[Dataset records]

- Opening Delimiter -

(* $A_4(11,8)\le 60$.
   Context: For an integer $q\ge2$ let $[q]=\{0,1,\dots,q-1\}$. The Hamming distance between $u,v\in[q]^n$ is the number of coordinates in which they differ; $A_q(n,d)$ is the maximum cardinality of a code $C\subseteq[q]^n$ in which any two distinct codewords have Hamming distance at least $d$. *)

theory Defs
  imports Main
begin

definition words :: "nat \<Rightarrow> nat \<Rightarrow> nat list set" where
  "words q n = {w. length w = n \<and> (\<forall>i<n. w ! i < q)}"

definition hamming_dist :: "nat list \<Rightarrow> nat list \<Rightarrow> nat" where
  "hamming_dist u v = card {i. i < length u \<and> u ! i \<noteq> v ! i}"

definition is_code :: "nat \<Rightarrow> nat \<Rightarrow> nat \<Rightarrow> nat list set \<Rightarrow> bool" where
  "is_code q n d C \<longleftrightarrow> C \<subseteq> words q n \<and>
     (\<forall>u\<in>C. \<forall>v\<in>C. u \<noteq> v \<longrightarrow> hamming_dist u v \<ge> d)"

text \<open>A_q(n,d): maximum cardinality of such a code (the set of codes is finite).\<close>
definition A_code :: "nat \<Rightarrow> nat \<Rightarrow> nat \<Rightarrow> nat" where
  "A_code q n d = Max {card C | C. is_code q n d C}"

end

theory Submission
  imports Defs
begin

text \<open>
  Suppose \<open>C\<close> is a quaternary code of length 11, minimum distance 8 and size 61, and write
  \<open>a(u,v)\<close> for the number of coordinates where \<open>u\<close> and \<open>v\<close> agree, so \<open>a(u,v) \<le> 3\<close> for
  distinct codewords. The codewords with a fixed symbol in a fixed coordinate form a code
  in the remaining 10 coordinates; Plotkin's averaging argument bounds it by 16, with
  equality only if every other coordinate is balanced (4 words per symbol). Hence each
  column of \<open>C\<close> has symbol counts between 13 and 16.

  The weight \<open>a(3 - a)\<close> is nonnegative on pairs of distinct codewords. Its total is a
  combination of first and second moments of \<open>a\<close>, i.e. of the numbers of pairs agreeing
  in one coordinate (at most 937 per coordinate) and in two coordinates (at least 235 per
  pair of coordinates); this gives total weight at most 132. By pigeonhole some class
  \<open>S\<close> has 16 words; a codeword outside \<open>S\<close> then agrees 40 times in total with \<open>S\<close>, so
  \<open>3 - a\<close> sums to 8 over \<open>S\<close>, which is not a multiple of 3. Thus some \<open>a\<close> is 1 or 2 and the
  weight between that codeword and \<open>S\<close> is at least 2, forcing total weight
  \<open>\<ge> 2 \<cdot> 2 \<cdot> 45 = 180\<close>.
\<close>

definition agreements :: "nat list \<Rightarrow> nat list \<Rightarrow> nat" where
  "agreements u v = card {i. i < length u \<and> u ! i = v ! i}"

lemma agreements_eq_sum: "agreements u v = (\<Sum>i<length u. of_bool (u ! i = v ! i))"
  by (simp add: agreements_def lessThan_def Collect_conj_eq Int_commute)

lemma agreements_add_hamming_dist: "agreements u v + hamming_dist u v = length u"
proof -
  have "hamming_dist u v = (\<Sum>i<length u. of_bool (u ! i \<noteq> v ! i))"
    by (simp add: hamming_dist_def lessThan_def Collect_conj_eq Int_commute)
  then have "agreements u v + hamming_dist u v
      = (\<Sum>i<length u. of_bool (u ! i = v ! i) + of_bool (u ! i \<noteq> v ! i))"
    by (simp add: agreements_eq_sum sum.distrib del: sum_of_bool_eq)
  also have "\<dots> = (\<Sum>i<length u. 1)"
    by (intro sum.cong) auto
  finally show ?thesis by simp
qed

lemma agreements_self [simp]: "agreements u u = length u"
  by (simp add: agreements_def)

lemma agreements_commute: "length u = length v \<Longrightarrow> agreements u v = agreements v u"
  by (simp add: agreements_def eq_commute)

lemma sum_agreements:
  assumes "finite K" "length u = n"
  shows "(\<Sum>v\<in>K. agreements u v) = (\<Sum>j<n. card {v\<in>K. v ! j = u ! j})"
proof -
  have "(\<Sum>v\<in>K. agreements u v) = (\<Sum>v\<in>K. \<Sum>j<n. of_bool (v ! j = u ! j))"
    using assms(2) by (simp add: agreements_eq_sum eq_commute del: sum_of_bool_eq)
  also have "\<dots> = (\<Sum>j<n. \<Sum>v\<in>K. of_bool (v ! j = u ! j))"
    by (rule sum.swap)
  also have "\<dots> = (\<Sum>j<n. card {v\<in>K. v ! j = u ! j})"
    using assms(1) by (simp add: Collect_conj_eq)
  finally show ?thesis .
qed

lemma sum_agreements_sq:
  assumes "finite K" "length u = n"
  shows "(\<Sum>v\<in>K. agreements u v ^ 2) = (\<Sum>i<n. \<Sum>j<n. card {v\<in>K. v ! i = u ! i \<and> v ! j = u ! j})"
proof -
  have "agreements u v ^ 2 = (\<Sum>i<n. \<Sum>j<n. of_bool (v ! i = u ! i \<and> v ! j = u ! j))" for v
    using assms(2)
    by (simp add: agreements_eq_sum power2_eq_square sum_product eq_commute of_bool_conj
        del: sum_of_bool_eq)
  then have "(\<Sum>v\<in>K. agreements u v ^ 2)
      = (\<Sum>v\<in>K. \<Sum>i<n. \<Sum>j<n. of_bool (v ! i = u ! i \<and> v ! j = u ! j))"
    by (simp del: sum_of_bool_eq)
  also have "\<dots> = (\<Sum>i<n. \<Sum>v\<in>K. \<Sum>j<n. of_bool (v ! i = u ! i \<and> v ! j = u ! j))"
    by (rule sum.swap)
  also have "\<dots> = (\<Sum>i<n. \<Sum>j<n. \<Sum>v\<in>K. of_bool (v ! i = u ! i \<and> v ! j = u ! j))"
    by (intro sum.cong refl sum.swap)
  also have "\<dots> = (\<Sum>i<n. \<Sum>j<n. card {v\<in>K. v ! i = u ! i \<and> v ! j = u ! j})"
    using assms(1) by (simp add: Collect_conj_eq)
  finally show ?thesis .
qed

lemma sum_card_fiber:
  assumes "finite K" "finite B" "f ` K \<subseteq> B"
  shows "(\<Sum>b\<in>B. card {u\<in>K. f u = b}) = card K"
  using sum.group[OF assms, of "\<lambda>_. 1::nat"] by simp

lemma sum_card_fiber_sq:
  assumes "finite K" "finite B" "f ` K \<subseteq> B"
  shows "(\<Sum>u\<in>K. card {v\<in>K. f v = f u}) = (\<Sum>b\<in>B. card {u\<in>K. f u = b} ^ 2)"
proof -
  have "(\<Sum>u\<in>K. card {v\<in>K. f v = f u}) = (\<Sum>b\<in>B. \<Sum>u\<in>{u\<in>K. f u = b}. card {v\<in>K. f v = f u})"
    by (rule sum.group[OF assms, symmetric])
  also have "\<dots> = (\<Sum>b\<in>B. card {u\<in>K. f u = b} ^ 2)"
    by (intro sum.cong) (auto simp: power2_eq_square)
  finally show ?thesis .
qed

lemma sum_sq_deviation:
  fixes m :: "'a \<Rightarrow> 'b::comm_ring_1"
  assumes "finite B"
  shows "(\<Sum>b\<in>B. (of_nat (card B) * m b - sum m B) ^ 2)
           = of_nat (card B) * (of_nat (card B) * (\<Sum>b\<in>B. m b ^ 2) - sum m B ^ 2)"
proof -
  define c where "c = (of_nat (card B) :: 'b)"
  have "(\<Sum>b\<in>B. (c * m b - sum m B) ^ 2)
      = (\<Sum>b\<in>B. c ^ 2 * m b ^ 2 - 2 * c * sum m B * m b + sum m B ^ 2)"
    by (simp add: power2_eq_square algebra_simps)
  also have "\<dots> = c ^ 2 * (\<Sum>b\<in>B. m b ^ 2) - 2 * c * sum m B * sum m B + c * sum m B ^ 2"
    by (simp add: c_def sum.distrib sum_subtractf sum_distrib_left)
  finally show ?thesis
    by (simp add: c_def power2_eq_square algebra_simps)
qed

lemma square_ge_tangent: "(2 * k + 1) * m - k * (k + 1) \<le> (m::int) ^ 2"
proof -
  have "0 \<le> (m - k) * (m - k - 1)"
    by (cases "m \<le> k") (auto intro: mult_nonpos_nonpos)
  then show ?thesis by (simp add: power2_eq_square algebra_simps)
qed

lemma square_le_chord: "a \<le> m \<Longrightarrow> m \<le> b \<Longrightarrow> (m::int) ^ 2 \<le> (a + b) * m - a * b"
  using mult_nonneg_nonpos[of "m - a" "m - b"] by (simp add: power2_eq_square algebra_simps)

lemma sum_card_fiber_sq_ge:
  assumes "finite K" "finite B" "f ` K \<subseteq> B"
  shows "(2 * k + 1) * int (card K) - k * (k + 1) * int (card B)
           \<le> int (\<Sum>u\<in>K. card {v\<in>K. f v = f u})"
proof -
  have "(2 * k + 1) * int (card K) - k * (k + 1) * int (card B)
      = (\<Sum>b\<in>B. (2 * k + 1) * int (card {u\<in>K. f u = b}) - k * (k + 1))"
    by (simp add: sum_subtractf sum_distrib_left flip: sum_card_fiber[OF assms])
  also have "\<dots> \<le> (\<Sum>b\<in>B. int (card {u\<in>K. f u = b}) ^ 2)"
    by (intro sum_mono square_ge_tangent)
  also have "\<dots> = int (\<Sum>u\<in>K. card {v\<in>K. f v = f u})"
    by (simp add: sum_card_fiber_sq[OF assms])
  finally show ?thesis .
qed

- Closing Delimiter -

# YOUR INSTRUCTIONS
Nothing should appear in the answer except the lines above from the line with "so \<open>a(u,v) \<le> 3\<close> for" through the line with "column of \<open>C\<close>", both included, written out exactly.

# SOLUTION TO THIS PROBLEM
  \<open>a(u,v)\<close> for the number of coordinates where \<open>u\<close> and \<open>v\<close> agree, so \<open>a(u,v) \<le> 3\<close> for
  distinct codewords. The codewords with a fixed symbol in a fixed coordinate form a code
  in the remaining 10 coordinates; Plotkin's averaging argument bounds it by 16, with
  equality only if every other coordinate is balanced (4 words per symbol). Hence each
  column of \<open>C\<close> has symbol counts between 13 and 16.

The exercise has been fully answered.